Firelight Sparks Stories

CavemenFireFire has been a hot subject among academics in recent years. In his 2010 book, Catching Fire: How Cooking Made Us Human, primatologist Richard Wrangham made the claim that learning how to control fire was the primary cause of our species’s evolutionary success. Not fire per se, but the cooking it made possible led to our digestive tract shrinking and the brain enlarging. After fire, time formerly occupied in chewing tough, raw food was better spent hunting food and socializing. Results were pair bonding, marriage and household formation. In Wrangham’s view, fire and cooking played a bigger role in our evolution than intelligence and adaptability.

Recently the anthropologist Polly Wiessner of the University of Utah, drawing largely on 40 years of her research with the Ju/’hoan hunter-gatherers of the Kalahari in southern Africa, published a paper that expands on the views of Wrangham and others. (Weissner’s paper, “Embers of Society: Firelight Talk among the Ju/’hoansi Bushmen”, was published in the Sept. 30, 2014 Proceedings of the National Academy of Sciences and is available free on-line.)
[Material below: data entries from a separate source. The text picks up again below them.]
lemma (in finite_measure) bounded_in_orlicz_space:
  assumes "young_function \<Phi>" and "w \<in> borel_measurable M" and "\<And>z. \<bar>w z\<bar> \<le> B"
  shows "w \<in> orlicz_space \<Phi> M"
proof -
  obtain C where C: "\<And>t. 0 \<le> t \<Longrightarrow> t \<le> 1 \<Longrightarrow> \<Phi> t \<le> C"
    using young_function_bounded_on_unit_interval[OF assms(1)] by blast
  define d where "d = \<bar>B\<bar> + 1"
  have "d > 0" by (simp add: d_def)
  have "(\<integral>\<^sup>+ z. ennreal (\<Phi> (\<bar>w z\<bar> / d)) \<partial>M) \<le> (\<integral>\<^sup>+ z. ennreal C \<partial>M)"
  proof (rule nn_integral_mono)
    fix z
    have "\<bar>w z\<bar> / d \<le> 1" using assms(3)[of z] by (simp add: d_def)
    then show "ennreal (\<Phi> (\<bar>w z\<bar> / d)) \<le> ennreal C"
      using C \<open>d > 0\<close> by (intro ennreal_leI) auto
  qed
  also have "\<dots> = ennreal C * emeasure M (space M)" by simp
  also have "\<dots> < \<infinity>" using emeasure_finite by (simp add: ennreal_mult_eq_top_iff less_top[symmetric])
  finally show ?thesis unfolding orlicz_space_def using assms(2) \<open>d > 0\<close> by blast
qed

lemma AE_le_of_esssup_le:
  assumes "esssup M (\<lambda>\<omega>. ereal (h \<omega>)) \<le> ereal e"
  shows "AE \<omega> in M. h \<omega> \<le> e"
  using esssup_AE[of "\<lambda>\<omega>. ereal (h \<omega>)" M]
proof eventually_elim
  case (elim \<omega>)
  then have "ereal (h \<omega>) \<le> ereal e" using assms by (rule order.trans)
  then show ?case by simp
qed

lemma AE_le_real_of_esssup:
  assumes "esssup M (\<lambda>\<omega>. ereal (h \<omega>)) < \<infinity>"
  shows "AE \<omega> in M. h \<omega> \<le> real_of_ereal (esssup M (\<lambda>\<omega>. ereal (h \<omega>)))"
  using assms by (intro AE_le_of_esssup_le) (cases "esssup M (\<lambda>\<omega>. ereal (h \<omega>))"; simp)

lemma measurable_least_index:
  fixes n :: nat
  assumes "\<And>i. i < n \<Longrightarrow> B i \<inter> space N \<in> sets N"
    and "\<And>x. x \<in> space N \<Longrightarrow> \<exists>i<n. x \<in> B i"
  shows "(\<lambda>x. LEAST i. i < n \<and> x \<in> B i) \<in> N \<rightarrow>\<^sub>M count_space {..<n}"
proof (subst measurable_count_space_eq2_countable, intro conjI ballI)
  show "(\<lambda>x. LEAST i. i < n \<and> x \<in> B i) \<in> space N \<rightarrow> {..<n}"
  proof (rule funcsetI)
    fix x assume "x \<in> space N"
    from LeastI_ex[OF assms(2)[OF this]] show "(LEAST i. i < n \<and> x \<in> B i) \<in> {..<n}" by simp
  qed
next
  fix a assume "a \<in> {..<n}"
  have least_eq: "(LEAST i. i < n \<and> x \<in> B i) = a \<longleftrightarrow> x \<in> B a \<and> (\<forall>j<a. x \<notin> B j)"
    if "x \<in> space N" for x
  proof
    assume "(LEAST i. i < n \<and> x \<in> B i) = a"
    then show "x \<in> B a \<and> (\<forall>j<a. x \<notin> B j)"
      using LeastI_ex[OF assms(2)[OF that]] not_less_Least[of _ "\<lambda>i. i < n \<and> x \<in> B i"]
        \<open>a \<in> {..<n}\<close> by auto
  next
    assume "x \<in> B a \<and> (\<forall>j<a. x \<notin> B j)"
    then show "(LEAST i. i < n \<and> x \<in> B i) = a"
      using \<open>a \<in> {..<n}\<close> by (intro Least_equality) (auto simp: not_less[symmetric])
  qed
  have "(\<lambda>x. LEAST i. i < n \<and> x \<in> B i) -` {a} \<inter> space N
      = (B a \<inter> space N) - (\<Union>j<a. B j \<inter> space N)"
    using least_eq by auto
  also have "\<dots> \<in> sets N" using assms(1) \<open>a \<in> {..<n}\<close> by (intro sets.Diff sets.finite_UN) auto
  finally show "(\<lambda>x. LEAST i. i < n \<and> x \<in> B i) -` {a} \<inter> space N \<in> sets N" .
qed

lemma C_Linf_finite_net:
  assumes "C_Linf K M f" and "compact K" and "e > 0"
  obtains cs :: "'a::metric_space list" and r where "set cs \<subseteq> K"
    and "K \<subseteq> (\<Union>c\<in>set cs. ball c (r c))"
    and "\<And>c y. c \<in> set cs \<Longrightarrow> y \<in> K \<Longrightarrow> y \<in> ball c (r c) \<Longrightarrow>
           esssup M (\<lambda>\<omega>. ereal \<bar>f y \<omega> - f c \<omega>\<bar>) < ereal e"
proof -
  have "\<forall>c\<in>K. \<exists>\<delta>>0. \<forall>y\<in>K. dist y c < \<delta> \<longrightarrow>
      esssup M (\<lambda>\<omega>. ereal \<bar>f y \<omega> - f c \<omega>\<bar>) < ereal e"
    using assms(1,3) unfolding C_Linf_def by blast
  then obtain r where r: "\<And>c. c \<in> K \<Longrightarrow> r c > 0"
    and close: "\<And>c y. c \<in> K \<Longrightarrow> y \<in> K \<Longrightarrow> dist y c < r c \<Longrightarrow>
        esssup M (\<lambda>\<omega>. ereal \<bar>f y \<omega> - f c \<omega>\<bar>) < ereal e"
    by metis
  have "K \<subseteq> (\<Union>c\<in>K. ball c (r c))" using r by force
  then obtain C where "C \<subseteq> K" "finite C" "K \<subseteq> (\<Union>c\<in>C. ball c (r c))"
    using compactE_image[OF assms(2), of K "\<lambda>c. ball c (r c)"] by blast
  moreover obtain cs where "set cs = C" using finite_list[OF \<open>finite C\<close>] by blast
  ultimately show ?thesis
    using that[of cs r] close by (simp add: dist_commute subset_iff)
qed

lemma C_Linf_ess_bounded:
  assumes "C_Linf K M f" and "compact K"
  obtains B where "0 \<le> B" and "\<And>x. x \<in> K \<Longrightarrow> AE \<omega> in M. \<bar>f x \<omega>\<bar> \<le> B"
proof -
  obtain cs r where cs: "set cs \<subseteq> K" and cover: "K \<subseteq> (\<Union>c\<in>set cs. ball c (r c))"
    and close: "\<And>c y. c \<in> set cs \<Longrightarrow> y \<in> K \<Longrightarrow> y \<in> ball c (r c) \<Longrightarrow>
        esssup M (\<lambda>\<omega>. ereal \<bar>f y \<omega> - f c \<omega>\<bar>) < ereal 1"
    using C_Linf_finite_net[OF assms zero_less_one] by blast
  define ess where "ess c = real_of_ereal (esssup M (\<lambda>\<omega>. ereal \<bar>f c \<omega>\<bar>))" for c
  define B where "B = 1 + (\<Sum>c\<in>set cs. max 0 (ess c))"
  have "AE \<omega> in M. \<bar>f x \<omega>\<bar> \<le> B" if "x \<in> K" for x
  proof -
    obtain c where c: "c \<in> set cs" "x \<in> ball c (r c)" using cover \<open>x \<in> K\<close> by blast
    have "esssup M (\<lambda>\<omega>. ereal \<bar>f c \<omega>\<bar>) < \<infinity>" using assms(1) c(1) cs unfolding C_Linf_def by blast
    then have ae: "AE \<omega> in M. \<bar>f c \<omega>\<bar> \<le> ess c \<and> \<bar>f x \<omega> - f c \<omega>\<bar> \<le> 1"
      unfolding ess_def using AE_le_of_esssup_le[OF less_imp_le[OF close[OF c(1) that c(2)]]]
      by (intro AE_conjI AE_le_real_of_esssup)
    have le_sum: "max 0 (ess c) \<le> (\<Sum>c\<in>set cs. max 0 (ess c))"
      using c(1) by (intro member_le_sum) auto
    from ae show ?thesis by eventually_elim (use le_sum in \<open>auto simp: B_def\<close>)
  qed
  moreover have "0 \<le> B" unfolding B_def by (simp add: sum_nonneg)
  ultimately show ?thesis using that by blast
qed

lemma C_Linf_step_approximation:
  assumes "C_Linf K M f" and "compact K" and "Q \<subseteq> K" and "Q \<in> sets lebesgue" and "e > 0"
  obtains g where "g \<in> borel_measurable (lebesgue_on Q \<Otimes>\<^sub>M M)"
    and "\<And>x. x \<in> Q \<Longrightarrow> AE \<omega> in M. \<bar>g (x, \<omega>) - f x \<omega>\<bar> \<le> e"
proof -
  obtain cs r where cs: "set cs \<subseteq> K" and cover: "K \<subseteq> (\<Union>c\<in>set cs. ball c (r c))"
    and close: "\<And>c y. c \<in> set cs \<Longrightarrow> y \<in> K \<Longrightarrow> y \<in> ball c (r c) \<Longrightarrow>
        esssup M (\<lambda>\<omega>. ereal \<bar>f y \<omega> - f c \<omega>\<bar>) < ereal e"
    using C_Linf_finite_net[OF assms(1,2,5)] by blast
  define B where "B i = ball (cs ! i) (r (cs ! i))" for i
  define idx where "idx x = (LEAST i. i < length cs \<and> x \<in> B i)" for x
  define g where "g z = f (cs ! idx (fst z)) (snd z)" for z
  have covered: "\<exists>i<length cs. x \<in> B i" if x: "x \<in> Q" for x
  proof -
    obtain c where "c \<in> set cs" "x \<in> ball c (r c)" using cover assms(3) x by blast
    then show ?thesis unfolding B_def by (metis in_set_conv_nth)
  qed
  have "B i \<inter> space (lebesgue_on Q) \<in> sets (lebesgue_on Q)" for i
    using assms(4) fmeasurableD[OF lmeasurable_ball]
    by (subst sets_restrict_space_iff) (auto simp: B_def)
  then have "idx \<in> lebesgue_on Q \<rightarrow>\<^sub>M count_space {..<length cs}"
    unfolding idx_def using covered assms(4) by (intro measurable_least_index) auto
  then have cell_index: "(\<lambda>z. idx (fst z)) \<in> lebesgue_on Q \<Otimes>\<^sub>M M \<rightarrow>\<^sub>M count_space {..<length cs}"
    by (rule measurable_compose[OF measurable_fst])
  have slice: "(\<lambda>z. f (cs ! i) (snd z)) \<in> borel_measurable (lebesgue_on Q \<Otimes>\<^sub>M M)"
    if "i \<in> {..<length cs}" for i
  proof -
    have "cs ! i \<in> K" using cs that by auto
    then have "f (cs ! i) \<in> borel_measurable M" using assms(1) unfolding C_Linf_def by blast
    then show ?thesis by (rule measurable_compose[OF measurable_snd])
  qed
  have "g \<in> borel_measurable (lebesgue_on Q \<Otimes>\<^sub>M M)"
    unfolding g_def by (rule measurable_compose_countable'[OF slice cell_index]) simp_all
  moreover have "AE \<omega> in M. \<bar>g (x, \<omega>) - f x \<omega>\<bar> \<le> e" if "x \<in> Q" for x
  proof -
    have "idx x < length cs \<and> x \<in> B (idx x)"
      unfolding idx_def by (rule LeastI_ex[OF covered[OF that]])
    then have "cs ! idx x \<in> set cs" and "x \<in> ball (cs ! idx x) (r (cs ! idx x))"
      by (simp_all add: B_def)
    with that assms(3) have "esssup M (\<lambda>\<omega>. ereal \<bar>f x \<omega> - f (cs ! idx x) \<omega>\<bar>) < ereal e"
      by (intro close) auto
    then show ?thesis
      unfolding g_def by (auto intro!: AE_le_of_esssup_le simp: abs_minus_commute)
  qed
  ultimately show ?thesis by (rule that)
qed

lemma LIMSEQ_of_dist_le_inverse_Suc:
  fixes a :: "nat \<Rightarrow> real"
  assumes "\<And>n. \<bar>a n - l\<bar> \<le> 1 / real (Suc n)"
  shows "a \<longlonglongrightarrow> l"
proof -
  have "(\<lambda>n. a n - l) \<longlonglongrightarrow> 0"
    by (rule Lim_null_comparison[OF _ LIMSEQ_inverse_real_of_nat])
       (use assms in \<open>auto simp: divide_inverse\<close>)
  then show ?thesis by (rule LIM_zero_cancel)
qed

lemma C_Linf_bounded_measurable_version:
  assumes "C_Linf K M f" and "compact K" and "Q \<subseteq> K" and "Q \<in> sets lebesgue"
  obtains u B where "u \<in> borel_measurable (lebesgue_on Q \<Otimes>\<^sub>M M)" and "\<And>z. \<bar>u z\<bar> \<le> B"
    and "\<And>x. x \<in> Q \<Longrightarrow> AE \<omega> in M. u (x, \<omega>) = f x \<omega>"
proof -
  have "\<forall>n. \<exists>g. g \<in> borel_measurable (lebesgue_on Q \<Otimes>\<^sub>M M) \<and>
      (\<forall>x\<in>Q. AE \<omega> in M. \<bar>g (x, \<omega>) - f x \<omega>\<bar> \<le> 1 / real (Suc n))"
  proof
    fix n
    obtain g where "g \<in> borel_measurable (lebesgue_on Q \<Otimes>\<^sub>M M)"
      and "\<And>x. x \<in> Q \<Longrightarrow> AE \<omega> in M. \<bar>g (x, \<omega>) - f x \<omega>\<bar> \<le> 1 / real (Suc n)"
      by (rule C_Linf_step_approximation[OF assms, of "1 / real (Suc n)"]) auto
    then show "\<exists>g. g \<in> borel_measurable (lebesgue_on Q \<Otimes>\<^sub>M M) \<and>
      (\<forall>x\<in>Q. AE \<omega> in M. \<bar>g (x, \<omega>) - f x \<omega>\<bar> \<le> 1 / real (Suc n))" by blast
  qed
  then obtain G where "\<forall>n. G n \<in> borel_measurable (lebesgue_on Q \<Otimes>\<^sub>M M) \<and>
      (\<forall>x\<in>Q. AE \<omega> in M. \<bar>G n (x, \<omega>) - f x \<omega>\<bar> \<le> 1 / real (Suc n))"
    by (rule choice[THEN exE])
  then have G: "\<And>n. G n \<in> borel_measurable (lebesgue_on Q \<Otimes>\<^sub>M M)"
    and G_close: "\<And>n x. x \<in> Q \<Longrightarrow> AE \<omega> in M. \<bar>G n (x, \<omega>) - f x \<omega>\<bar> \<le> 1 / real (Suc n)"
    by blast+
  obtain B where "0 \<le> B" and f_bounded: "\<And>x. x \<in> K \<Longrightarrow> AE \<omega> in M. \<bar>f x \<omega>\<bar> \<le> B"
    using C_Linf_ess_bounded[OF assms(1,2)] by blast
  define u where "u z = max (- B) (min B (lim (\<lambda>n. G n z)))" for z
  have "u \<in> borel_measurable (lebesgue_on Q \<Otimes>\<^sub>M M)"
    unfolding u_def by (intro borel_measurable_max borel_measurable_min borel_measurable_const
        borel_measurable_uminus borel_measurable_lim_metric G)
  moreover have "\<bar>u z\<bar> \<le> B" for z using \<open>0 \<le> B\<close> unfolding u_def by auto
  moreover have "AE \<omega> in M. u (x, \<omega>) = f x \<omega>" if "x \<in> Q" for x
  proof -
    have "AE \<omega> in M. \<forall>n. \<bar>G n (x, \<omega>) - f x \<omega>\<bar> \<le> 1 / real (Suc n)"
      using G_close[OF that] by (simp add: AE_all_countable)
    moreover have "AE \<omega> in M. \<bar>f x \<omega>\<bar> \<le> B" using f_bounded that assms(3) by blast
    ultimately show ?thesis
    proof eventually_elim
      case (elim \<omega>)
      then have "lim (\<lambda>n. G n (x, \<omega>)) = f x \<omega>"
        by (intro limI LIMSEQ_of_dist_le_inverse_Suc) blast
      then show ?case using elim(2) unfolding u_def by auto
    qed
  qed
  ultimately show ?thesis by (rule that)
qed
Weissner agrees that yes, the control of fire and the capacity for cooking led to major anatomical and residential changes for early humans, going back more than a million years. But Wiessner has focused on the consequences of extending the day by firelight. Her data show major differences between day and night talk. Day talk centers on practicalities and sanctioning gossip; firelit conversations “evoke the imagination, help people remember and understand others, heal rifts of the day, and convey information about cultural institutions that generate regularity of behavior and corresponding trust.”

Wiessner’s views accord with the prevailing theories about the origins of drama. Around the fire outside a cave entrance is where we developed and spread myth through words, music and dance.

Warm, flickering, shadow-casting light provided by fire creates an ideal environment for storytelling. I don’t know how many young Americans still have the experience of camping in a wilderness and listening to stories at night around the campfire, as I did in the Boy Scouts. Those youthful totemic experiences connect us with a power that reaches far back, to ancient ancestors who sat outside caves watching sparks rise and vanish in the night air. Ghost stories, anyone?

Wiessner has found that stories are told in virtually all hunter-gatherer societies, and in most small-scale societies those myths and legends are told by firelight. She calls this storytelling [along with gifts] “the original social media.” She cites the Tlingit elders of the Pacific Northwest Coast who recounted stories that extended over four days with the fire blazing six to seven feet high.

“Narratives told by firelight include a gradient from tales of known people and events, to legends based on past known events, to folklore about humans and animals, to myths that address origins and order.” These stories provide vital links between individuals, group-specific sites, and ancestral beings. Wiessner’s research has found that firelit storytelling keeps cultural institutions alive, explicates relations between people, creates imaginary communities beyond the village, and traces networks for great distances. She quotes Benson Lewis, a Cibecue Apache: “Stories go to work on you like arrows. Stories make you live right. Stories make you replace yourself.”

Firelight is conducive to the imagination and  magical. Weissner describes the Ainu hunter-gatherers of Japan: “The daytime is for their activities and the night for deities and demons . . . Night [is] prime time for entrance into imaginary worlds of the supernatural.”